In the entries that follow, the lines from the one with "real h)) * (5/4" through the one with "by (rule mult_right_mono[OF" are the ones to write out, exactly and with both ends included. Nothing else should appear.
-- The records follows --
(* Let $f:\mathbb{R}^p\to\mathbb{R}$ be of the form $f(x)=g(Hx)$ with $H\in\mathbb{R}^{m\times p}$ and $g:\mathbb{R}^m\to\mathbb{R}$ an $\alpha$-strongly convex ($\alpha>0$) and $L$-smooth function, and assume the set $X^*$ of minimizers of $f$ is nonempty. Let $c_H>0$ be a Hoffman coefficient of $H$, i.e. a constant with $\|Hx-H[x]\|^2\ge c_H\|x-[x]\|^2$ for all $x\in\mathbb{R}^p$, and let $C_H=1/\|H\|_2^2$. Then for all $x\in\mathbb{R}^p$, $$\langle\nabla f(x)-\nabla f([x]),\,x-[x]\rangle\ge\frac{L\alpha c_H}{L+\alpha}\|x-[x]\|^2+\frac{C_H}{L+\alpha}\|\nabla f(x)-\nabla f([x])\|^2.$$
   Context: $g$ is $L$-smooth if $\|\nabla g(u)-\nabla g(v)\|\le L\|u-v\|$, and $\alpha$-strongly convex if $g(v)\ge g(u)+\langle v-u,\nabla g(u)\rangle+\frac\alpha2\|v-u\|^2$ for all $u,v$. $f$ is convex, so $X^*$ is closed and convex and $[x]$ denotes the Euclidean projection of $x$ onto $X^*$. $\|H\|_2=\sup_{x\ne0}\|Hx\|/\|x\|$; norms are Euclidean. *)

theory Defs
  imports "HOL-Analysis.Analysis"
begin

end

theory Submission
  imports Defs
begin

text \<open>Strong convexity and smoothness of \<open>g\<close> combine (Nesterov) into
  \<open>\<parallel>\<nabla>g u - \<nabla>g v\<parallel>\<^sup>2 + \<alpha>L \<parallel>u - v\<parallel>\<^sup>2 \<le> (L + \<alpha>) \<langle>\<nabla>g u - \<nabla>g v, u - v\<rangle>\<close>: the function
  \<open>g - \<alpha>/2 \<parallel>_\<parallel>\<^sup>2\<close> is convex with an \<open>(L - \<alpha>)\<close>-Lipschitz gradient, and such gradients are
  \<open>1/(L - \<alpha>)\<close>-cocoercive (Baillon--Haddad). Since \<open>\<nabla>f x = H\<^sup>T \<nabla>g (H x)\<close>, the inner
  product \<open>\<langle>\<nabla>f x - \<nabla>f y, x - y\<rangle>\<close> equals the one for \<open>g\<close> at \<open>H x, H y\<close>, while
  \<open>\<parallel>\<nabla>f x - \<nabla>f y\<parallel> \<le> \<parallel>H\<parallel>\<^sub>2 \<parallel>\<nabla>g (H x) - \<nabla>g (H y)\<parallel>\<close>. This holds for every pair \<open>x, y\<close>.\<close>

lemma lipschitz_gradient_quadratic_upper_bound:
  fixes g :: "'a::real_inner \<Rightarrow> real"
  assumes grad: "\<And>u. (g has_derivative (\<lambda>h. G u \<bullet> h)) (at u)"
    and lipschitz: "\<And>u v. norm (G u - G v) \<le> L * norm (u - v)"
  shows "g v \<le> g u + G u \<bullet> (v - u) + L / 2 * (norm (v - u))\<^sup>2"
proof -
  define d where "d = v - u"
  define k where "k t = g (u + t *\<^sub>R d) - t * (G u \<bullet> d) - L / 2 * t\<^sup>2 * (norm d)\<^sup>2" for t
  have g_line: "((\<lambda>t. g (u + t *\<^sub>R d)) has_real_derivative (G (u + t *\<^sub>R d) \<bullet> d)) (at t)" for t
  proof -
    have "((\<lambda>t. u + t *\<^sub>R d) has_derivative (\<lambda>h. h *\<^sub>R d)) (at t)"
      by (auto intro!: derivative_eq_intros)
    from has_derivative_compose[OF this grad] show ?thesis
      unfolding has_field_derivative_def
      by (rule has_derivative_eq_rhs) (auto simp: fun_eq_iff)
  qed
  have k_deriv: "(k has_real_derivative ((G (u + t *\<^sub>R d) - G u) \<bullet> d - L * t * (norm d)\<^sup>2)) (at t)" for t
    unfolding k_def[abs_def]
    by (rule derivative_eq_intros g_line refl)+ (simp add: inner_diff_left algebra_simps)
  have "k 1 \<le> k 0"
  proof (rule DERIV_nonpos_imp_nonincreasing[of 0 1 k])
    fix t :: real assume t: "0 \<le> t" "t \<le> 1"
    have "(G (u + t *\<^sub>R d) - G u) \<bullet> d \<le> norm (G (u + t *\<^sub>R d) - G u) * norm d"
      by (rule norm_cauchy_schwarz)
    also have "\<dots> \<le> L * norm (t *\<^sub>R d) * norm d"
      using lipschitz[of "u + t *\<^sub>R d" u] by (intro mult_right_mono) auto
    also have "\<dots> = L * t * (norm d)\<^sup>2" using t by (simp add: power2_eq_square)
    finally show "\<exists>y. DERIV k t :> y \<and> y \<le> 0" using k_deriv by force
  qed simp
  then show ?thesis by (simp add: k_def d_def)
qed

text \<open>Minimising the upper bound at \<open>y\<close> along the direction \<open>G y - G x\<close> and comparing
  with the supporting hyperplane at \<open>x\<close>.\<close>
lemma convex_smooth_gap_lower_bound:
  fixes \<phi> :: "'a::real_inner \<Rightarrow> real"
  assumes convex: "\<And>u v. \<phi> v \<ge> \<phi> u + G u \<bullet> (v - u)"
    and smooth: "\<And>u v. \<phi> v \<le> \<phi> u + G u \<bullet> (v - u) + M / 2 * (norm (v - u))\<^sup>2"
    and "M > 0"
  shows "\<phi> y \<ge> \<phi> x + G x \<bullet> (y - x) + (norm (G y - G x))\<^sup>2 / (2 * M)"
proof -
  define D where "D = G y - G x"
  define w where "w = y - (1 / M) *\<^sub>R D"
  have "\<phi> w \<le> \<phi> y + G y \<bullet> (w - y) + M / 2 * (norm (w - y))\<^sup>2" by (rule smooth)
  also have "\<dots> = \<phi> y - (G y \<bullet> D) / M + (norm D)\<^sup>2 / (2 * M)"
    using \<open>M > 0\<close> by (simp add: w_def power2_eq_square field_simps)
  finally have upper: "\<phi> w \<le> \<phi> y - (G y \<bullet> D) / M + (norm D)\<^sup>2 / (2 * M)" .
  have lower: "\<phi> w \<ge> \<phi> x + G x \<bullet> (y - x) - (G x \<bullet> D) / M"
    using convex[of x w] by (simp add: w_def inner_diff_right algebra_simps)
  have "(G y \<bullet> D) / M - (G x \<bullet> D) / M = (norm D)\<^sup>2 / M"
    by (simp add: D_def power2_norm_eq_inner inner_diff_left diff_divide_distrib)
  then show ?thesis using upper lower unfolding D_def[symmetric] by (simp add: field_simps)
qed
-- The records concluded --
-- The records follows --
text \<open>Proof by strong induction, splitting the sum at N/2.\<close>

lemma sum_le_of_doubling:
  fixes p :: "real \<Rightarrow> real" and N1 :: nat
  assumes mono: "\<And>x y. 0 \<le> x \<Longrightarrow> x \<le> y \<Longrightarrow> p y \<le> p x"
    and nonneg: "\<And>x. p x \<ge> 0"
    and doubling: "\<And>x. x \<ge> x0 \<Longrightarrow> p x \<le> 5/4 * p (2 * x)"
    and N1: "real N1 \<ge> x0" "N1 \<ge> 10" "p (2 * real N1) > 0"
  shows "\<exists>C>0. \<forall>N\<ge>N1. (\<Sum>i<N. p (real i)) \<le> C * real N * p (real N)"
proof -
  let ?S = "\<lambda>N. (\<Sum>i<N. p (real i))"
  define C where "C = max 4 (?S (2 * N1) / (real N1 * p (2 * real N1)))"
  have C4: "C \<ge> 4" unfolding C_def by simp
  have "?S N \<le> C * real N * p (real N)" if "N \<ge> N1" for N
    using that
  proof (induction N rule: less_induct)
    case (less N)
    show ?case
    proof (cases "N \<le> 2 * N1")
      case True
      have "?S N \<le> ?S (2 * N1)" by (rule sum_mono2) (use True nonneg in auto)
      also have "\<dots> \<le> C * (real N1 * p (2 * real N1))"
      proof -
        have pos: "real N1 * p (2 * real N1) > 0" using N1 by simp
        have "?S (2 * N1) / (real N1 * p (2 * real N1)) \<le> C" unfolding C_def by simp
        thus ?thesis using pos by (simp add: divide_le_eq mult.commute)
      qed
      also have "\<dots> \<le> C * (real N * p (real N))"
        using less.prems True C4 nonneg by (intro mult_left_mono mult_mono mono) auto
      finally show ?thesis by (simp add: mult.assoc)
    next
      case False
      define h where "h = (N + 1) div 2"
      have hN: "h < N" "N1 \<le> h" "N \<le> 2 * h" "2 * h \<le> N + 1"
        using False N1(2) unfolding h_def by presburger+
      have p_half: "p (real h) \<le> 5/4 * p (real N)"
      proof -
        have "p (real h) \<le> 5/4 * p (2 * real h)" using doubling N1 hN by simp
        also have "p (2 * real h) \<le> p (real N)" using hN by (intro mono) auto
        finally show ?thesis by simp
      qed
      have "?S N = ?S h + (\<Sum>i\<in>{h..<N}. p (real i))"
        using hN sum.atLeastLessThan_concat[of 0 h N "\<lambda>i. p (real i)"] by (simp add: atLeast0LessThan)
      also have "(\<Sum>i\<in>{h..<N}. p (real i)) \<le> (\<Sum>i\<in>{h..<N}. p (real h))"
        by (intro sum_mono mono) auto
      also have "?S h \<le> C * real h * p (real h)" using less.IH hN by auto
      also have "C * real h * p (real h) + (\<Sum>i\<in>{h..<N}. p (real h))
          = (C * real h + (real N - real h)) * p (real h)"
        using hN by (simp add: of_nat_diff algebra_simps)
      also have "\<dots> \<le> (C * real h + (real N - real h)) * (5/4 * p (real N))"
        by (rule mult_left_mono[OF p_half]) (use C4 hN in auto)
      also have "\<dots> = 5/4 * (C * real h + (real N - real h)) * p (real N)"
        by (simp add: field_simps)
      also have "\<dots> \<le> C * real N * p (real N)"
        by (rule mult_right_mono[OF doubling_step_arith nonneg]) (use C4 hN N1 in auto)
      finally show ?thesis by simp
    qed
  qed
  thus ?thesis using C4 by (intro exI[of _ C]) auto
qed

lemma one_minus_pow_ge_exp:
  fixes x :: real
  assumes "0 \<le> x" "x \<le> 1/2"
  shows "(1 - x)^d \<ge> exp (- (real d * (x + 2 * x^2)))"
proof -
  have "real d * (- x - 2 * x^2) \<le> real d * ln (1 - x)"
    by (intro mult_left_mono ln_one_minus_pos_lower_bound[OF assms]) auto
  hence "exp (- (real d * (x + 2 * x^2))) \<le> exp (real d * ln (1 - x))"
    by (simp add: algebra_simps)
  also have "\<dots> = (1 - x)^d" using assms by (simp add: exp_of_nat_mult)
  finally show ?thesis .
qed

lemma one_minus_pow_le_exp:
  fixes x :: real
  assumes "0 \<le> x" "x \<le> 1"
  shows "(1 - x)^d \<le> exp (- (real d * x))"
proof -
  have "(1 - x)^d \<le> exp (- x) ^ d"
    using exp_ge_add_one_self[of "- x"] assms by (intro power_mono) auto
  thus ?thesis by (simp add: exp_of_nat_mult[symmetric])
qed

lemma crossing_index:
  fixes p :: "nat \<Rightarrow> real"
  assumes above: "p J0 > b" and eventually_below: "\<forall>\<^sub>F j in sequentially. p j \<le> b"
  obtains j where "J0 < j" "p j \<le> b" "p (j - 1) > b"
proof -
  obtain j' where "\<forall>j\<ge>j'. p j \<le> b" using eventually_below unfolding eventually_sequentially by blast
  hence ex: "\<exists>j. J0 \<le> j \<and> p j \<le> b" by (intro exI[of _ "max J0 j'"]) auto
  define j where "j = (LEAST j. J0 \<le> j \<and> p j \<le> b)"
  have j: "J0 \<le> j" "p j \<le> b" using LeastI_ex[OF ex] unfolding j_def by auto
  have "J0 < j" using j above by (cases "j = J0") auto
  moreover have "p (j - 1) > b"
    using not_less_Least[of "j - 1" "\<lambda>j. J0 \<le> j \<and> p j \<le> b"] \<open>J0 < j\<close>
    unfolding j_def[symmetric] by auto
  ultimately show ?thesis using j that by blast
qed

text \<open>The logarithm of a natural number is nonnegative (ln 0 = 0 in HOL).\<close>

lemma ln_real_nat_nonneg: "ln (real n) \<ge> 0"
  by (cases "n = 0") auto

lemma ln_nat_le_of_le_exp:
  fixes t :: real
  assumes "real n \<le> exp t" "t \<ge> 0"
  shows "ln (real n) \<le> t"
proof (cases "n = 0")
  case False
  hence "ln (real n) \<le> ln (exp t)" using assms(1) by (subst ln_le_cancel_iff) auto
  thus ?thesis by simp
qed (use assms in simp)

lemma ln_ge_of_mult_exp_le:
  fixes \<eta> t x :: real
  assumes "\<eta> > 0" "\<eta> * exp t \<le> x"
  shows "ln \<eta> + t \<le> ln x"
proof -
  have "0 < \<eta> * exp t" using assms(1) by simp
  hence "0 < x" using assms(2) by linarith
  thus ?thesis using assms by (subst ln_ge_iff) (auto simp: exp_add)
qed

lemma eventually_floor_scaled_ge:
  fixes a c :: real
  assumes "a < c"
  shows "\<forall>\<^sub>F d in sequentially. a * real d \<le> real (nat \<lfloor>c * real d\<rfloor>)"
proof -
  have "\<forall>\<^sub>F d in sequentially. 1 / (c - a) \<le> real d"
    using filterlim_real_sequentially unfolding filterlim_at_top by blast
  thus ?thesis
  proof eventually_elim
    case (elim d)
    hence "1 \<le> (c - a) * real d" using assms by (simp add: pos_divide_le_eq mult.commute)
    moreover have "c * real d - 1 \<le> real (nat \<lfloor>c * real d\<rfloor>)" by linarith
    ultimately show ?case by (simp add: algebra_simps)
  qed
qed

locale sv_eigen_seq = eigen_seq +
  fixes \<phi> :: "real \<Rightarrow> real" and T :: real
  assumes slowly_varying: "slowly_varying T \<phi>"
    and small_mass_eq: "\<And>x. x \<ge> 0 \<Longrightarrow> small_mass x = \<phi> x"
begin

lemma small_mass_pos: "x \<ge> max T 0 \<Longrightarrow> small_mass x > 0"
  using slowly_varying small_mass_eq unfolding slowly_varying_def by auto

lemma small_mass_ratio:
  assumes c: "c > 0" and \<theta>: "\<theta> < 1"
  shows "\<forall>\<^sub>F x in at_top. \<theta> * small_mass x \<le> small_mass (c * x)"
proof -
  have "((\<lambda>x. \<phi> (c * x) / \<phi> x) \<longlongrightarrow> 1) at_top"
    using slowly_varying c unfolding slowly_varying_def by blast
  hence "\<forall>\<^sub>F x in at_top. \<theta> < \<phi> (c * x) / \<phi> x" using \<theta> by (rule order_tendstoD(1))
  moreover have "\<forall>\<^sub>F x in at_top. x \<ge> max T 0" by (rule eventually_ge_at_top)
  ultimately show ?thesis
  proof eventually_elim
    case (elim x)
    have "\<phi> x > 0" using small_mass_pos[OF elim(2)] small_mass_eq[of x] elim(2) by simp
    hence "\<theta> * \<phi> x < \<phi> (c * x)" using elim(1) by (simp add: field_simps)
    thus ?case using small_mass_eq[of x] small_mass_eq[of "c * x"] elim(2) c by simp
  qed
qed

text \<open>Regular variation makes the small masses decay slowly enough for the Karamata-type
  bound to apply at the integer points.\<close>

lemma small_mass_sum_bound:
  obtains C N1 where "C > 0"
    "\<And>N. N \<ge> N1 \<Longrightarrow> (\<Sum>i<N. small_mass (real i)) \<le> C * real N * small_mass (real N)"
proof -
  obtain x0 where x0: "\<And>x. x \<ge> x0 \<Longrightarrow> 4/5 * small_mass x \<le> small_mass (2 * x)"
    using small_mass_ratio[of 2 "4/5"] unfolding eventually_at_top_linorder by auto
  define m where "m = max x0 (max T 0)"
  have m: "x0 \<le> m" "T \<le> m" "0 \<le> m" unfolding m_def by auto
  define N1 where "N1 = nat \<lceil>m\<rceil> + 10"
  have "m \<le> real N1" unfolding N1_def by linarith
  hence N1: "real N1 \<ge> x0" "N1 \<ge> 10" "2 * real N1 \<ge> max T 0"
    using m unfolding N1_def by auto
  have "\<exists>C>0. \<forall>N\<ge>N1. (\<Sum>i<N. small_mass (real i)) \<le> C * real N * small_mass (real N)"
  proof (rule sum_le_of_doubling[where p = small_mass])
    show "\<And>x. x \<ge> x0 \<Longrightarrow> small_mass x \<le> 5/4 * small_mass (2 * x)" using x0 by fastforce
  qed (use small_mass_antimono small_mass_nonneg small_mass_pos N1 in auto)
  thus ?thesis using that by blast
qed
-- The records concluded --
* _Your response_:
      also have "\<dots> \<le> (C * real h + (real N - real h)) * (5/4 * p (real N))"
        by (rule mult_left_mono[OF p_half]) (use C4 hN in auto)
      also have "\<dots> = 5/4 * (C * real h + (real N - real h)) * p (real N)"
        by (simp add: field_simps)
      also have "\<dots> \<le> C * real N * p (real N)"
        by (rule mult_right_mono[OF doubling_step_arith nonneg]) (use C4 hN N1 in auto)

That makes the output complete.